*EXERCISE AIM*: Beneath this instruction is a block of data; output from it exactly the lines that run from the one containing "y) \<in> merge" through the one containing "(* Let $w\in\mathcal", inclusive.

Saved data entries
+ + + +

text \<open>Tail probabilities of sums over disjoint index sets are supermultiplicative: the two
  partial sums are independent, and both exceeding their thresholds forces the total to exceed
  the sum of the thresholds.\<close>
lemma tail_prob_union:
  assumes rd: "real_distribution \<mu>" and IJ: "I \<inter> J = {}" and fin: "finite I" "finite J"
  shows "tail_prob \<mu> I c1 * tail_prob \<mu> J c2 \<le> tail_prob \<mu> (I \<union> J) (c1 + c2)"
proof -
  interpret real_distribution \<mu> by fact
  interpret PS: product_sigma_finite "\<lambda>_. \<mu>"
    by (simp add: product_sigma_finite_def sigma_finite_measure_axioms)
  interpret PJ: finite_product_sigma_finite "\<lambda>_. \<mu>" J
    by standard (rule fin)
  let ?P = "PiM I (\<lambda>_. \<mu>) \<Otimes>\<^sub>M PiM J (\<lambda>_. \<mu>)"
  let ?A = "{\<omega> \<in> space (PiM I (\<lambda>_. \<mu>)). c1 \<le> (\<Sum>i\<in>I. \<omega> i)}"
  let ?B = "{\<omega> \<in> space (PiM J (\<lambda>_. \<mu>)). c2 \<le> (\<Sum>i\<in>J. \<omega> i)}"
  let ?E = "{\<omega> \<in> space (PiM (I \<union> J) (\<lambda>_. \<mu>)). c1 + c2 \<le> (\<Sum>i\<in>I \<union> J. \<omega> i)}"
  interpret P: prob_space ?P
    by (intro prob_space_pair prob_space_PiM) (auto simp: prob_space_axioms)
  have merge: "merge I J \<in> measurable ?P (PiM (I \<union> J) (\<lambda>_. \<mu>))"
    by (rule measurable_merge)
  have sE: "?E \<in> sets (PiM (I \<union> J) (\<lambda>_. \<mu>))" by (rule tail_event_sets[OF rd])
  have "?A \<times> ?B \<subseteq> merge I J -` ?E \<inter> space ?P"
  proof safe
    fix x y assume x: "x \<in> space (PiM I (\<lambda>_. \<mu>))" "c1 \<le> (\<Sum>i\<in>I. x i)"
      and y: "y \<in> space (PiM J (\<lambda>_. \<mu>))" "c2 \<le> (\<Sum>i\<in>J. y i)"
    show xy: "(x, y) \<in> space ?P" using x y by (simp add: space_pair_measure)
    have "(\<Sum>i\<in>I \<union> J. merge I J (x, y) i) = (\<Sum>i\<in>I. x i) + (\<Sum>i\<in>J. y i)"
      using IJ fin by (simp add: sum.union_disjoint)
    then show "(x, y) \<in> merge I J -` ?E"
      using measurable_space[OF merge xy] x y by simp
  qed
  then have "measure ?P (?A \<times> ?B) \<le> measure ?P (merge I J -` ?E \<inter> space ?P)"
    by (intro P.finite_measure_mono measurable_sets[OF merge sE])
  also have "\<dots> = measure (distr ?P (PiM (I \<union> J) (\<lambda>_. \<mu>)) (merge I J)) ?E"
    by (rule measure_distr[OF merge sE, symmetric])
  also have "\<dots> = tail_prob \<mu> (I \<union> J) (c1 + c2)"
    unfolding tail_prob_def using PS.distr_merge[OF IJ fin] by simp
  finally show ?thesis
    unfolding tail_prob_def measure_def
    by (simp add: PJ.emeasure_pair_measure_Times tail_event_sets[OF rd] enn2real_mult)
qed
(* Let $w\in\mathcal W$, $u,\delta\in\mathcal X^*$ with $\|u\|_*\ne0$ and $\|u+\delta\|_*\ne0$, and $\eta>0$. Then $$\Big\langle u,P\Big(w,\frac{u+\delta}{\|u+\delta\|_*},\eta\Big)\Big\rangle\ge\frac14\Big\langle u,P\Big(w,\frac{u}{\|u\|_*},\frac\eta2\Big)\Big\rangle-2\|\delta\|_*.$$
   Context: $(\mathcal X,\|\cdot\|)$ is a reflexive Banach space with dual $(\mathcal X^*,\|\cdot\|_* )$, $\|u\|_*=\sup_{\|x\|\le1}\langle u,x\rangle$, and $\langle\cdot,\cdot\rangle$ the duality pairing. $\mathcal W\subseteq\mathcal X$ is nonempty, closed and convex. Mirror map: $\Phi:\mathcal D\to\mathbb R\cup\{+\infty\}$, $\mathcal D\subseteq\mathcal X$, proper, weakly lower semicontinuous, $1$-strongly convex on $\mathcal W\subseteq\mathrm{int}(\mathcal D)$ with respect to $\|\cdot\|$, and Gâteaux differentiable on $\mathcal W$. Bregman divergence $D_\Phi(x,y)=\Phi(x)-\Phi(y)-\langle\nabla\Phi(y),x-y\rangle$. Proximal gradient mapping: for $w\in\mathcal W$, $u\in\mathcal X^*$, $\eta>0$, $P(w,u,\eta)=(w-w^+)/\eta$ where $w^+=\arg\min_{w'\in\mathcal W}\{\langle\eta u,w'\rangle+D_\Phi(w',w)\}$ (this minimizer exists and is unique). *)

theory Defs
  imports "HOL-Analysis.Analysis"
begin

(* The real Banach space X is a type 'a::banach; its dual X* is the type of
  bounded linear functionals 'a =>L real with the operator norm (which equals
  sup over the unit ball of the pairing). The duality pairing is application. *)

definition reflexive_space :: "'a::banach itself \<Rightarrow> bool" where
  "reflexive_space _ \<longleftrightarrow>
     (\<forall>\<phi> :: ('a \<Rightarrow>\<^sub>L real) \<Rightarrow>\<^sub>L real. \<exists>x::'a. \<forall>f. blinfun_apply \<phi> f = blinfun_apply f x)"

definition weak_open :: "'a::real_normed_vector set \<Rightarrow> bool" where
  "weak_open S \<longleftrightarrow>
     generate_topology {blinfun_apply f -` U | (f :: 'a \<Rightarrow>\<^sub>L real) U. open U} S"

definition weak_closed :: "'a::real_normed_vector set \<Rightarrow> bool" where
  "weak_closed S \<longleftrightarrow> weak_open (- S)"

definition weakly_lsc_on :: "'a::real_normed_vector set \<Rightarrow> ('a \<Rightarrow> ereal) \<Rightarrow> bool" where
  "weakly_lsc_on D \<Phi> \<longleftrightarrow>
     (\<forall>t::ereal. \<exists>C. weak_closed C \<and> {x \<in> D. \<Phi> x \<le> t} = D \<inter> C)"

+ + + +

*SOLUTION TO THIS PROBLEM*:
    then show "(x, y) \<in> merge I J -` ?E"
      using measurable_space[OF merge xy] x y by simp
  qed
  then have "measure ?P (?A \<times> ?B) \<le> measure ?P (merge I J -` ?E \<inter> space ?P)"
    by (intro P.finite_measure_mono measurable_sets[OF merge sE])
  also have "\<dots> = measure (distr ?P (PiM (I \<union> J) (\<lambda>_. \<mu>)) (merge I J)) ?E"
    by (rule measure_distr[OF merge sE, symmetric])
  also have "\<dots> = tail_prob \<mu> (I \<union> J) (c1 + c2)"
    unfolding tail_prob_def using PS.distr_merge[OF IJ fin] by simp
  finally show ?thesis
    unfolding tail_prob_def measure_def
    by (simp add: PJ.emeasure_pair_measure_Times tail_event_sets[OF rd] enn2real_mult)
qed
(* Let $w\in\mathcal W$, $u,\delta\in\mathcal X^*$ with $\|u\|_*\ne0$ and $\|u+\delta\|_*\ne0$, and $\eta>0$. Then $$\Big\langle u,P\Big(w,\frac{u+\delta}{\|u+\delta\|_*},\eta\Big)\Big\rangle\ge\frac14\Big\langle u,P\Big(w,\frac{u}{\|u\|_*},\frac\eta2\Big)\Big\rangle-2\|\delta\|_*.$$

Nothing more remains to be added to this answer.